If you have used either OS, it's obvious that multitasking in itself isn't part of the problem.

The problem is that we have a generation of developers and companies with the attitude that if their software isn't fast enough, you need to upgrade your computer.
Every company thinks it's okay for them to install something that runs in the background just to see if their software needs an update.
Interfaces aren't text or simple buttons anymore, you need something drawn by a graphic artist as eye candy taking up megabytes of hard drive space and RAM.

Word processing isn't just ASCII text anymore, it's 100s of languages, fonts, symbols, colors, graphics, kerning, etc...
We have virus checkers scanning every program before they can run to make sure some idiot didn't infect a file with malware.
Software now requires virtual memory, protected memory, over a dozen run time libraries just to display anything on your screen, and those include a huge amount of code whether you use it or not. The OS must do everything imaginable now because someone thought it was a good idea or just cool, so it now includes more lines of code than all your common applications put together.

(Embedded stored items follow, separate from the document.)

(* Every prime tournament which is not isomorphic to $P_n$ for any $n$ has at most one matching ordering.
   Context: A tournament is a finite, non-null, loopless directed graph in which for any two distinct vertices $u,v$ there is exactly one edge with both ends in $\{u,v\}$; write $u\to v$ for the edge from $u$ to $v$. A homogeneous set of $G$ is a set $X\subseteq V(G)$ such that each vertex outside $X$ either has edges to all of $X$ or edges from all of $X$; $G$ is prime if every homogeneous set $X$ has $|X|\le1$ or $X=V(G)$. Given an ordering $v_1,\dots,v_n$ of the vertices, a backedge is an edge $v_j\to v_i$ with $j>i$; the ordering is a matching ordering if every vertex is the head or tail of at most one backedge. $P_n$ is the tournament on $v_1,\dots,v_n$ with $v_i\to v_j$ if $j-i\ge2$ and $v_{i+1}\to v_i$ for $1\le i\le n-1$. *)

theory Defs
  imports Main
begin

text \<open>A tournament is given by a vertex set V and an edge predicate E, where E u v means u \<rightarrow> v.
  Only the restriction of E to V matters.\<close>

definition tournament :: "'a set \<Rightarrow> ('a \<Rightarrow> 'a \<Rightarrow> bool) \<Rightarrow> bool" where
  "tournament V E \<longleftrightarrow> finite V \<and> V \<noteq> {} \<and>
     (\<forall>v\<in>V. \<not> E v v) \<and>
     (\<forall>u\<in>V. \<forall>v\<in>V. u \<noteq> v \<longrightarrow> (E u v \<longleftrightarrow> \<not> E v u))"

definition homogeneous_set :: "'a set \<Rightarrow> ('a \<Rightarrow> 'a \<Rightarrow> bool) \<Rightarrow> 'a set \<Rightarrow> bool" where
  "homogeneous_set V E X \<longleftrightarrow> X \<subseteq> V \<and>
     (\<forall>v\<in>V - X. (\<forall>x\<in>X. E v x) \<or> (\<forall>x\<in>X. E x v))"

definition prime_tournament :: "'a set \<Rightarrow> ('a \<Rightarrow> 'a \<Rightarrow> bool) \<Rightarrow> bool" where
  "prime_tournament V E \<longleftrightarrow> tournament V E \<and>
     (\<forall>X. homogeneous_set V E X \<longrightarrow> card X \<le> 1 \<or> X = V)"

text \<open>An ordering v_1,...,v_n of V is a list of the vertices without repetition
  (0-indexed). A backedge is a pair of positions (i,j), i<j, with vs!j \<rightarrow> vs!i.\<close>

definition ordering_of :: "'a set \<Rightarrow> 'a list \<Rightarrow> bool" where
  "ordering_of V vs \<longleftrightarrow> distinct vs \<and> set vs = V"

definition backedges :: "('a \<Rightarrow> 'a \<Rightarrow> bool) \<Rightarrow> 'a list \<Rightarrow> (nat \<times> nat) set" where
  "backedges E vs = {(i, j). i < j \<and> j < length vs \<and> E (vs ! j) (vs ! i)}"
text \<open>Following an active walk forward from an edge pointing forward: the walk stays directed
  until it reaches a collider, which must then have a descendant in C.\<close>
lemma active_walk_forward_edge:
  assumes adjw: "\<And>i. Suc i < length xs \<Longrightarrow> adj E (xs!i) (xs!Suc i)"
    and act: "active_path E C xs" and e: "(xs!k, xs!Suc k) \<in> E"
    and m: "m < length xs" "Suc k \<le> m"
  shows "((xs!k, xs!m)\<in>E\<^sup>+ \<and> (xs!(m-1), xs!m)\<in>E) \<or>
         (\<exists>i. k<i \<and> i<m \<and> (xs!k,xs!i)\<in>E\<^sup>+ \<and> (\<exists>w\<in>C. (xs!i,w)\<in>E\<^sup>*))"
  using m(2,1)
proof (induction m rule: dec_induct)
  case base then show ?case using e by auto
next
  case (step n)
  have "n < length xs" using step by simp
  from step.IH[OF this] show ?case
  proof (elim disjE conjE)
    assume A: "(xs!k, xs!n)\<in>E\<^sup>+" "(xs!(n-1), xs!n)\<in>E"
    have open_n: "open_triple E C (xs!(n-1)) (xs!n) (xs!Suc n)"
      using act step unfolding active_path_iff_open_triples by auto
    show ?case
    proof (cases "(xs!Suc n, xs!n) \<in> E")
      case True
      then have "\<exists>w\<in>C. (xs!n,w)\<in>E\<^sup>*" using open_n A unfolding open_triple_def by blast
      then show ?thesis using A step by auto
    next
      case False
      then have "(xs!n, xs!Suc n)\<in>E" using adjw step unfolding adj_def by auto
      then show ?thesis using A by auto
    qed
  qed (use step in auto)
qed
lemma sopen_sball:
  assumes "y \<in> X"
  shows "sopen X d (sball X d y r)"
  unfolding sopen_def
proof (intro conjI ballI)
  show "sball X d y r \<subseteq> X"
    by (auto simp: sball_def)
  fix z assume "z \<in> sball X d y r"
  then have "z \<in> X" "0 \<le> d y z" "d y z < r"
    using assms nonneg by (auto simp: sball_def)
  then obtain \<delta> where "\<delta> > 0" and \<delta>: "\<And>t. 0 \<le> t \<Longrightarrow> t < \<delta> \<Longrightarrow> st t (d y z) < r"
    using t_definer_less_near_zero[OF t_definer] by metis
  have "w \<in> sball X d y r" if "w \<in> sball X d z \<delta>" for w
  proof -
    have "w \<in> X" "0 \<le> d z w" "d z w < \<delta>"
      using that \<open>z \<in> X\<close> nonneg by (auto simp: sball_def)
    have "d y w \<le> st (d y z) (d z w)"
      using triangle assms \<open>z \<in> X\<close> \<open>w \<in> X\<close> by blast
    also have "\<dots> = st (d z w) (d y z)"
      using t_definer_commute[OF t_definer] \<open>0 \<le> d y z\<close> \<open>0 \<le> d z w\<close> by simp
    also have "\<dots> < r"
      using \<delta> \<open>0 \<le> d z w\<close> \<open>d z w < \<delta>\<close> by blast
    finally show ?thesis
      using \<open>w \<in> X\<close> by (simp add: sball_def)
  qed
  then show "\<exists>\<delta>>0. sball X d z \<delta> \<subseteq> sball X d y r"
    using \<open>\<delta> > 0\<close> by blast
qed

lemma separated_sequence_if_not_totally_bounded:
  assumes "\<not> stotally_bounded X d"
  obtains \<epsilon> and xs :: "nat \<Rightarrow> 'a" where "\<epsilon> > 0" "range xs \<subseteq> X" "\<And>i j. i \<noteq> j \<Longrightarrow> \<epsilon> \<le> d (xs i) (xs j)"
proof -
  obtain \<epsilon> where "\<epsilon> > 0" and uncovered: "\<And>F. finite F \<Longrightarrow> F \<subseteq> X \<Longrightarrow> X \<noteq> (\<Union>x\<in>F. sball X d x \<epsilon>)"
    using assms unfolding stotally_bounded_def by force
  have extend: "\<exists>y\<in>X. \<forall>x\<in>F. \<epsilon> \<le> d x y" if "finite F" "F \<subseteq> X" for F
  proof -
    have "(\<Union>x\<in>F. sball X d x \<epsilon>) \<subseteq> X"
      by (auto simp: sball_def)
    with uncovered[OF that] obtain y where "y \<in> X" "y \<notin> (\<Union>x\<in>F. sball X d x \<epsilon>)"
      by blast
    then show ?thesis
      by (auto simp: sball_def not_less)
  qed
  obtain xs :: "nat \<Rightarrow> 'a" where xs: "range xs \<subseteq> X" and far: "\<And>i j. i < j \<Longrightarrow> \<epsilon> \<le> d (xs i) (xs j)"
    using greedy_sequence[OF extend] by blast
  have "\<epsilon> \<le> d (xs i) (xs j)" if "i \<noteq> j" for i j
  proof -
    have "xs i \<in> X" "xs j \<in> X"
      using xs by auto
    from \<open>i \<noteq> j\<close> consider "i < j" | "j < i"
      by linarith
    then show ?thesis
    proof cases
      case 1
      then show ?thesis
        by (rule far)
    next
      case 2
      then show ?thesis
        using far[OF 2] commute[OF \<open>xs i \<in> X\<close> \<open>xs j \<in> X\<close>] by simp
    qed
  qed
  with \<open>\<epsilon> > 0\<close> xs show thesis
    by (rule that)
qed

context
  fixes \<epsilon> r :: real and xs :: "nat \<Rightarrow> 'a"
  assumes in_X: "range xs \<subseteq> X"
    and separated: "\<And>i j. i \<noteq> j \<Longrightarrow> \<epsilon> \<le> d (xs i) (xs j)"
    and small: "\<And>a b. 0 \<le> a \<Longrightarrow> a < r \<Longrightarrow> 0 \<le> b \<Longrightarrow> b < r \<Longrightarrow> st a b < \<epsilon>"
    and "r > 0"
begin

lemma sball_contains_at_most_one:
  assumes "y \<in> X" "xs i \<in> sball X d y r" "xs j \<in> sball X d y r"
  shows "i = j"
proof (rule ccontr)
  assume "i \<noteq> j"
  have "xs i \<in> X" "xs j \<in> X"
    using in_X by auto
  have "d (xs i) y = d y (xs i)"
    using commute \<open>xs i \<in> X\<close> \<open>y \<in> X\<close> .
  then have "d (xs i) y < r" "d y (xs j) < r"
    using assms(2,3) by (simp_all add: sball_def)
  moreover have "0 \<le> d (xs i) y" "0 \<le> d y (xs j)"
    using nonneg \<open>xs i \<in> X\<close> \<open>xs j \<in> X\<close> \<open>y \<in> X\<close> by simp_all
  ultimately have "st (d (xs i) y) (d y (xs j)) < \<epsilon>"
    using small by simp
  moreover have "d (xs i) (xs j) \<le> st (d (xs i) y) (d y (xs j))"
    using triangle \<open>xs i \<in> X\<close> \<open>xs j \<in> X\<close> \<open>y \<in> X\<close> .
  ultimately show False
    using separated[OF \<open>i \<noteq> j\<close>] by simp
qed

lemma sopen_complement_range: "sopen X d (X - range xs)"
  unfolding sopen_def
proof (intro conjI ballI)
  fix y assume y: "y \<in> X - range xs"
  show "\<exists>s>0. sball X d y s \<subseteq> X - range xs"
  proof (cases "\<exists>n. xs n \<in> sball X d y r")
    case False
    then show ?thesis
      using \<open>r > 0\<close> by (intro exI[of _ r]) (auto simp: sball_def)
  next
    case True
    then obtain n where n: "xs n \<in> sball X d y r" ..
    have "xs n \<in> X" "y \<noteq> xs n"
      using in_X y by auto
    then have "0 < d y (xs n)"
      using y nonneg zero_iff by (metis DiffD1 order_le_less)
    moreover have "xs m \<notin> sball X d y (min r (d y (xs n)))" for m
    proof
      assume m: "xs m \<in> sball X d y (min r (d y (xs n)))"
      then have "xs m \<in> sball X d y r"
        by (simp add: sball_def)
      with n y have "m = n"
        using sball_contains_at_most_one by blast
      with m show False
        by (simp add: sball_def)
    qed
    ultimately show ?thesis
      using \<open>r > 0\<close> by (intro exI[of _ "min r (d y (xs n))"]) (auto simp: sball_def)
  qed
qed auto
(* Let $\rho$ be a probability density on $\mathbb{R}$ supported on $[\alpha,\beta]$ with $0\le\alpha<\beta<\infty$, continuous and bounded on $[\alpha,\beta]$. Fix $\lambda\in(\alpha,\beta)$ with $\rho(\lambda)>0$ and assume $\rho$ is continuously differentiable on a neighborhood of $\lambda$. For each $p$ in an unbounded sequence of positive integers, let $0<\lambda^{(p)}_1<\lambda^{(p)}_2<\cdots<\lambda^{(p)}_p$ be simple eigenvalues, and let $i=i(p)$ be an index with $2\le i\le p-1$ and $\lambda^{(p)}_{i}=\lambda$. Write $s_i^{-}=\lambda_i^{(p)}-\lambda^{(p)}_{i-1}$, $s_i^{+}=\lambda^{(p)}_{i+1}-\lambda_i^{(p)}$, and $f_\lambda(x)=\lambda x/(\lambda-x)^2$. Assume: (i) there are constants $0<a<b$ such that $a\le p\,s_i^{\pm}\le b$ for all $p$; (ii) $\frac1p\sum_{j=1}^{i-2} f_\lambda(\lambda^{(p)}_j)-\int_\alpha^{\lambda-s_i^-}f_\lambda(x)\rho(x)\,dx=o(p)$ and $\frac1p\sum_{j=i+2}^{p} f_\lambda(\lambda^{(p)}_j)-\int_{\lambda+s_i^+}^{\beta}f_\lambda(x)\rho(x)\,dx=o(p)$ as $p\to\infty$. Let $h_i=\sum_{j\ne i}\frac{\lambda_i\lambda_j}{(\lambda_i-\lambda_j)^2}$ and $$\hat h_i=\lambda^2\left[\frac{1}{(s_i^-)^2}+\frac{1}{(s_i^+)^2}+p\rho(\lambda)\left(\frac1{s_i^-}+\frac1{s_i^+}\right)\right].$$ Then $h_i-\hat h_i=o(p^2)$ while $\hat h_i$ is of exact order $p^2$; in particular $h_i/\hat h_i\to1$ as $p\to\infty$.
   Context: This is the paper's large-$p$ approximation of the quantity $h_i$ appearing in the asymptotic expected eigenvector error $\mathbb{E}[n\|\bm u_i-\tilde{\bm u}_i\|^2]\to h_i$ for Wishart sample covariance matrices. Hypothesis (i) encodes that nearest-neighbour eigenvalue gaps are of order $1/(p\rho(\lambda))$; hypothesis (ii) encodes that the empirical spectral density converges to $\rho$ fast enough near $\lambda$. *)

theory Defs
  imports "HOL-Analysis.Analysis" "HOL-Library.Landau_Symbols"
begin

If you want to know what things would be like without all the garbage, just compare a fast Amiga to a modern PC.
The Amiga OS and GUI is amazingly responsive even compared to Windows machine clocked way faster.
I haven't tried it for a while, but AROS (Amiga Research OS) will give you an idea of what it's like to run such an OS on modern hardware.

It'd love to see a benchmark of a modern PC with and without the bloat.
The bloat certainly means slower boot times, slower load times for applications, and a large RAM footprint for everything.
That certainly makes a machine feel slow, and swapping code in and out of RAM using virtual memory really slows programs down.
But once things are running, and when you aren't swapping code around with virtual memory, I wonder how much cpu time is actually eaten up by background processes.
Even 5% would be a lot though when you consider 5% of 2GHz is as much CPU power as a 100 MHz cpu.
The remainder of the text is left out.